I buy my epoxies from Exotic Blanks at the following link:

Exotic Blanks :: Wooden Wonders CA Glues :: Epoxy Glues :: E-Z Bond 5 Min Epoxy - Please Choose 4 or 8 oz Size


----------



## mecompco (Jul 7, 2015)

I dunno, I'd been using 30 minute stuff I got for knife-making (the wisdom being "the longer the time to set-up, the stronger the bond"). Really, though, how strong must the bond be to keep a tube in a pen? Just picked up some 3M 5 minute and used it on a corn-cob blank, which held together nicely. 

Regards,
Michael


----------



## manleymaille (Jul 7, 2015)

Personally I use loc-tite 5 min epoxy in the two separate bottles versus the syringe type I get it at home depot...


----------



## mark james (Jul 7, 2015)

I use _System Three, 2 part epoxy_.  Mine is about 3 years old, and almost done (8 oz bottles maybe).  I have had good success with this; others will also have good recommendations.  I also let my tubes set overnight.  Epoxy for ALL tubes; Tightbond translucent for wood segmented blanks/wood-wood gluing.

I suspect I bought mine at Woodcraft - as the timeline indicates I bought my initial setup from them.

I will re-order more from an IAP vendor thought!


----------



## Rockytime (Jul 7, 2015)

I don't have a brand favorite but do prefer separate bottles because it is less messy. I do use 5 minute epoxy.


----------



## NittanyLion (Jul 8, 2015)

I've ordered different brands from various vendors, but keep coming back to 5 minute Lock Tite(in two bottles) from Lowes.  Store in the refrigerator if yours is going bad before its used....works for me.


----------



## TonyL (Jul 8, 2015)

Barrel Bonder cures in 5 minutes
System 3 also cures in 5 minutes
Hobby Lobby (no name brand) cures in 3 hours

Gorilla glue (expands if u like that) longer curing time.

I have never really gotten "stuck" with epoxy. I do like the ones that cure (not just set)  faster.  Maybe they are not a strong (but haven't had one of the fast-cures fail me yet).

Most fully cure in 12 to 24 hours; I seldom have the patience to wait, perhaps they are better.

The System 3 cures quickly and dispenses easily (syringe type).


----------



## edstreet (Jul 8, 2015)

None of the pen vendors have the "good" epoxy.   What they do stock is the garbage low quality epoxies that does not hold up at all under field use.


----------



## nava1uni (Jul 8, 2015)

I use 5 minute that I get at Home Depot.  Lock Tite - 2 bottles of 8 ounces.  Works great and I have no trouble with it holding for pens and all sorts of other projects.  If you don't already know-you can clean epoxy from your hands and off of wood and other materials with 91% Isopropyl Alcohol.  I keep it in a spray bottle on my work bench.  It even works with dried glue.


----------



## KenV (Jul 8, 2015)

Depends on the use.

Marine epoxy is readily available here and is good for most uses I've experienced where more strength is required.  Most of these have high tack 

Cheap stuff works for low load applications.

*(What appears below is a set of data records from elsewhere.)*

(* Applying the second
   covariant derivative nabla_d to the defining relation
     nabla_a R_bc = A_a R_bc + B_b R_ac + D_c R_ab
   and antisymmetrising in (d,a) gives, by the Leibniz rule,
     [nabla_d, nabla_a] R_bc = (curl terms of A, B, D) + (terms with nabla R),
   where the nabla R terms are again replaced by the defining relation.  Summing the
   result cyclically over (d,a,b), everything except the curls of A - B cancels by the
   symmetry of the Ricci tensor.  On the other side, the Ricci identity
     [nabla_d, nabla_a] T_bc = - R_dab^m T_mc - R_dac^m T_bm
   together with the first Bianchi identity turns the cyclic sum into the stated
   curvature expression.  The case alpha = A - D follows because, R_bc being
   symmetric, the roles of B and D in the defining relation can be exchanged. *)


section \<open>Coordinate partial derivatives\<close>

lemma has_real_derivative_along_line:
  assumes "f differentiable (at (y + t0 *\<^sub>R v))"
  shows "((\<lambda>t. f (y + t *\<^sub>R v)) has_real_derivative frechet_derivative f (at (y + t0 *\<^sub>R v)) v) (at t0)"
proof -
  let ?p = "y + t0 *\<^sub>R v"
  have f: "(f has_derivative frechet_derivative f (at ?p)) (at ?p)"
    using assms frechet_derivative_works by blast
  have lin: "linear (frechet_derivative f (at ?p))" using f has_derivative_linear by blast
  have line: "((\<lambda>t. y + t *\<^sub>R v) has_derivative (\<lambda>t. t *\<^sub>R v)) (at t0)"
    by (auto intro!: derivative_eq_intros)
  have "((\<lambda>t. f (y + t *\<^sub>R v)) has_derivative (\<lambda>t. frechet_derivative f (at ?p) (t *\<^sub>R v))) (at t0)"
    using has_derivative_compose[OF line, of f] f by simp
  moreover have "(\<lambda>t. frechet_derivative f (at ?p) (t *\<^sub>R v)) = (*) (frechet_derivative f (at ?p) v)"
    using linear_cmul[OF lin] by (auto simp: fun_eq_iff)
  ultimately show ?thesis by (simp add: has_field_derivative_def)
qed

lemma pd_eqI:
  assumes "((\<lambda>t. f (x + t *\<^sub>R axis i 1)) has_real_derivative D) (at 0)"
  shows "pd i f x = D"
  unfolding pd_def using assms by (rule DERIV_imp_deriv)

lemma pd_eq_frechet_derivative:
  assumes "f differentiable (at x)"
  shows "pd i f x = frechet_derivative f (at x) (axis i 1)"
  using has_real_derivative_along_line[of f x 0 "axis i 1"] assms by (intro pd_eqI) simp

lemma has_real_derivative_pd:
  assumes "f differentiable (at (y + t0 *\<^sub>R axis i 1))"
  shows "((\<lambda>t. f (y + t *\<^sub>R axis i 1)) has_real_derivative pd i f (y + t0 *\<^sub>R axis i 1)) (at t0)"
  using has_real_derivative_along_line[OF assms] pd_eq_frechet_derivative[OF assms] by simp

lemma pd_has_real_derivative:
  assumes "f differentiable (at x)"
  shows "((\<lambda>t. f (x + t *\<^sub>R axis i 1)) has_real_derivative pd i f x) (at 0)"
  using has_real_derivative_pd[of f x 0 i] assms by simp

lemma pd_add:
  assumes "f differentiable (at x)" "g differentiable (at x)"
  shows "pd i (\<lambda>y. f y + g y) x = pd i f x + pd i g x"
  by (rule pd_eqI) (rule DERIV_add[OF pd_has_real_derivative[OF assms(1)] pd_has_real_derivative[OF assms(2)]])

lemma pd_diff:
  assumes "f differentiable (at x)" "g differentiable (at x)"
  shows "pd i (\<lambda>y. f y - g y) x = pd i f x - pd i g x"
  by (rule pd_eqI) (rule DERIV_diff[OF pd_has_real_derivative[OF assms(1)] pd_has_real_derivative[OF assms(2)]])

lemma pd_mult:
  assumes "f differentiable (at x)" "g differentiable (at x)"
  shows "pd i (\<lambda>y. f y * g y) x = pd i f x * g x + f x * pd i g x"
  by (rule pd_eqI)
    (use DERIV_mult[OF pd_has_real_derivative[OF assms(1)] pd_has_real_derivative[OF assms(2)]]
      in \<open>simp add: algebra_simps\<close>)

lemma pd_const: "pd i (\<lambda>y. c) x = 0"
  by (rule pd_eqI) simp

lemma pd_cmult:
  assumes "f differentiable (at x)"
  shows "pd i (\<lambda>y. c * f y) x = c * pd i f x"
  by (rule pd_eqI) (rule DERIV_cmult[OF pd_has_real_derivative[OF assms(1)]])

lemma pd_sum:
  assumes "\<And>k. k \<in> S \<Longrightarrow> f k differentiable (at x)"
  shows "pd i (\<lambda>y. \<Sum>k\<in>S. f k y) x = (\<Sum>k\<in>S. pd i (f k) x)"
  by (rule pd_eqI) (rule DERIV_sum, rule pd_has_real_derivative[OF assms])

lemma pd_inverse:
  assumes "f differentiable (at x)" "f x \<noteq> 0"
  shows "pd i (\<lambda>y. inverse (f y)) x = - (pd i f x * inverse ((f x)\<^sup>2))"
  by (rule pd_eqI)
    (use DERIV_inverse_fun[OF pd_has_real_derivative[OF assms(1)]] assms(2)
      in \<open>simp add: power2_eq_square\<close>)

lemma pd_cong_open:
  assumes "open U" "x \<in> U" "\<And>y. y \<in> U \<Longrightarrow> f y = h y"
  shows "pd i f x = pd i h x"
proof -
  let ?S = "(\<lambda>t::real. x + t *\<^sub>R axis i 1) -` U"
  have "open ?S" by (rule open_vimage[OF assms(1)]) (intro continuous_intros)
  moreover have "0 \<in> ?S" using assms(2) by simp
  ultimately have "\<forall>\<^sub>F t in nhds 0. t \<in> ?S" using eventually_nhds by blast
  then have "\<forall>\<^sub>F t in nhds 0. f (x + t *\<^sub>R axis i 1) = h (x + t *\<^sub>R axis i 1)"
    by eventually_elim (use assms(3) in auto)
  then show ?thesis unfolding pd_def by (rule deriv_cong_ev) simp
qed


section \<open>Functions of class C^k and smooth functions\<close>

definition Ck_on :: "(real^'n::finite) set \<Rightarrow> nat \<Rightarrow> (real^'n \<Rightarrow> real) \<Rightarrow> bool" where
  "Ck_on U k f \<longleftrightarrow> (\<forall>is. length is \<le> k \<longrightarrow> (\<forall>x\<in>U. iter_pd is f differentiable (at x)))"

lemma iter_pd_append: "iter_pd (is @ [i]) f = iter_pd is (pd i f)"
  by (induction "is") auto

lemma smooth_iff_Ck_on: "smooth_fun_on U f \<longleftrightarrow> (\<forall>k. Ck_on U k f)"
  unfolding smooth_fun_on_def Ck_on_def by (metis le_refl)

lemma Ck_on_0: "Ck_on U 0 f \<longleftrightarrow> (\<forall>x\<in>U. f differentiable (at x))"
  unfolding Ck_on_def by auto

lemma Ck_on_Suc: "Ck_on U (Suc k) f \<longleftrightarrow> Ck_on U 0 f \<and> (\<forall>i. Ck_on U k (pd i f))"
proof
  assume a: "Ck_on U (Suc k) f"
  show "Ck_on U 0 f \<and> (\<forall>i. Ck_on U k (pd i f))"
  proof
    show "Ck_on U 0 f" using a unfolding Ck_on_def by (metis le0 order.trans)
    show "\<forall>i. Ck_on U k (pd i f)"
      using a unfolding Ck_on_def by (metis iter_pd_append length_append_singleton not_less_eq_eq)
  qed
next
  assume a: "Ck_on U 0 f \<and> (\<forall>i. Ck_on U k (pd i f))"
  show "Ck_on U (Suc k) f"
    unfolding Ck_on_def
  proof (intro allI impI)
    fix "is" :: "'a list" assume l: "length is \<le> Suc k"
    show "\<forall>x\<in>U. iter_pd is f differentiable at x"
    proof (cases "is" rule: rev_exhaust)
      case Nil then show ?thesis using a by (simp add: Ck_on_0)
    next
      case (snoc js i)
      then show ?thesis using a l unfolding Ck_on_def by (simp add: iter_pd_append)
    qed
  qed
qed

lemma Ck_on_mono: "m \<le> k \<Longrightarrow> Ck_on U k f \<Longrightarrow> Ck_on U m f"
  unfolding Ck_on_def by auto

lemma Ck_on_differentiable: "Ck_on U k f \<Longrightarrow> x \<in> U \<Longrightarrow> f differentiable (at x)"
  unfolding Ck_on_def by (metis iter_pd.simps(1) list.size(3) zero_le)

lemma iter_pd_cong_open:
  assumes "open U" "\<And>y. y \<in> U \<Longrightarrow> f y = h y"
  shows "y \<in> U \<Longrightarrow> iter_pd is f y = iter_pd is h y"
proof (induction "is" arbitrary: y)
  case Nil then show ?case using assms by simp
next
  case (Cons i js)
  then show ?case using pd_cong_open[OF assms(1) Cons(2), of "iter_pd js f" "iter_pd js h"] by simp
qed

lemma Ck_on_cong:
  assumes "open U" "\<And>y. y \<in> U \<Longrightarrow> f y = h y" "Ck_on U k f"
  shows "Ck_on U k h"
  unfolding Ck_on_def
proof (intro allI impI ballI)
  fix "is" :: "'a list" and x assume l: "length is \<le> k" and x: "x \<in> U"
  have "iter_pd is f differentiable (at x)" using assms(3) l x unfolding Ck_on_def by auto
  then obtain D where "(iter_pd is f has_derivative D) (at x)" unfolding differentiable_def by blast
  then have "(iter_pd is h has_derivative D) (at x)"
    by (rule has_derivative_transform_within_open[OF _ assms(1) x]) (rule iter_pd_cong_open[OF assms(1,2)])
  then show "iter_pd is h differentiable (at x)" unfolding differentiable_def by blast
qed

lemma Ck_on_const: "Ck_on U k (\<lambda>x. c)"
proof (induction k arbitrary: c)
  case 0 then show ?case by (simp add: Ck_on_0)
next
  case (Suc k)
  have "pd i (\<lambda>x. c) = (\<lambda>x. 0)" for i :: 'a by (simp add: fun_eq_iff pd_const)
  then show ?case using Suc.IH by (simp add: Ck_on_Suc Ck_on_0)
qed

lemma Ck_on_add:
  assumes "open U"
  shows "Ck_on U k f \<Longrightarrow> Ck_on U k g \<Longrightarrow> Ck_on U k (\<lambda>x. f x + g x)"
proof (induction k arbitrary: f g)
  case 0 then show ?case by (auto simp: Ck_on_0)
next
  case (Suc k)
  have "Ck_on U k (pd i (\<lambda>x. f x + g x))" for i
  proof -
    have "Ck_on U k (\<lambda>x. pd i f x + pd i g x)" using Suc by (simp add: Ck_on_Suc)
    then show ?thesis
      by (rule Ck_on_cong[OF assms, rotated]) (use Suc.prems pd_add Ck_on_differentiable in metis)
  qed
  then show ?case using Suc.prems by (auto simp: Ck_on_Suc Ck_on_0)
qed

lemma Ck_on_cmult:
  assumes "open U"
  shows "Ck_on U k f \<Longrightarrow> Ck_on U k (\<lambda>x. c * f x)"
proof (induction k arbitrary: f)
  case 0 then show ?case by (auto simp: Ck_on_0)
next
  case (Suc k)
  have "Ck_on U k (pd i (\<lambda>x. c * f x))" for i
  proof -
    have "Ck_on U k (\<lambda>x. c * pd i f x)" using Suc by (simp add: Ck_on_Suc)
    then show ?thesis
      by (rule Ck_on_cong[OF assms, rotated]) (use Suc.prems pd_cmult Ck_on_differentiable in metis)
  qed
  then show ?case using Suc.prems by (auto simp: Ck_on_Suc Ck_on_0)
qed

High temps require special stuff.


----------



## alphageek (Jul 8, 2015)

I recommend the separate bottles.  When measuring out the glue, be sure to keep separate then mix after to avoid cross contamination.

Also, make sure to check out how to store epoxy.    See piano mans link above... Epoxy and CA have different rules to improve shelf life.


----------



## pianomanpj (Jul 8, 2015)

edstreet said:


> None of the pen vendors have the "good" epoxy.   What they do stock is the garbage low quality epoxies that does not hold up at all under field use.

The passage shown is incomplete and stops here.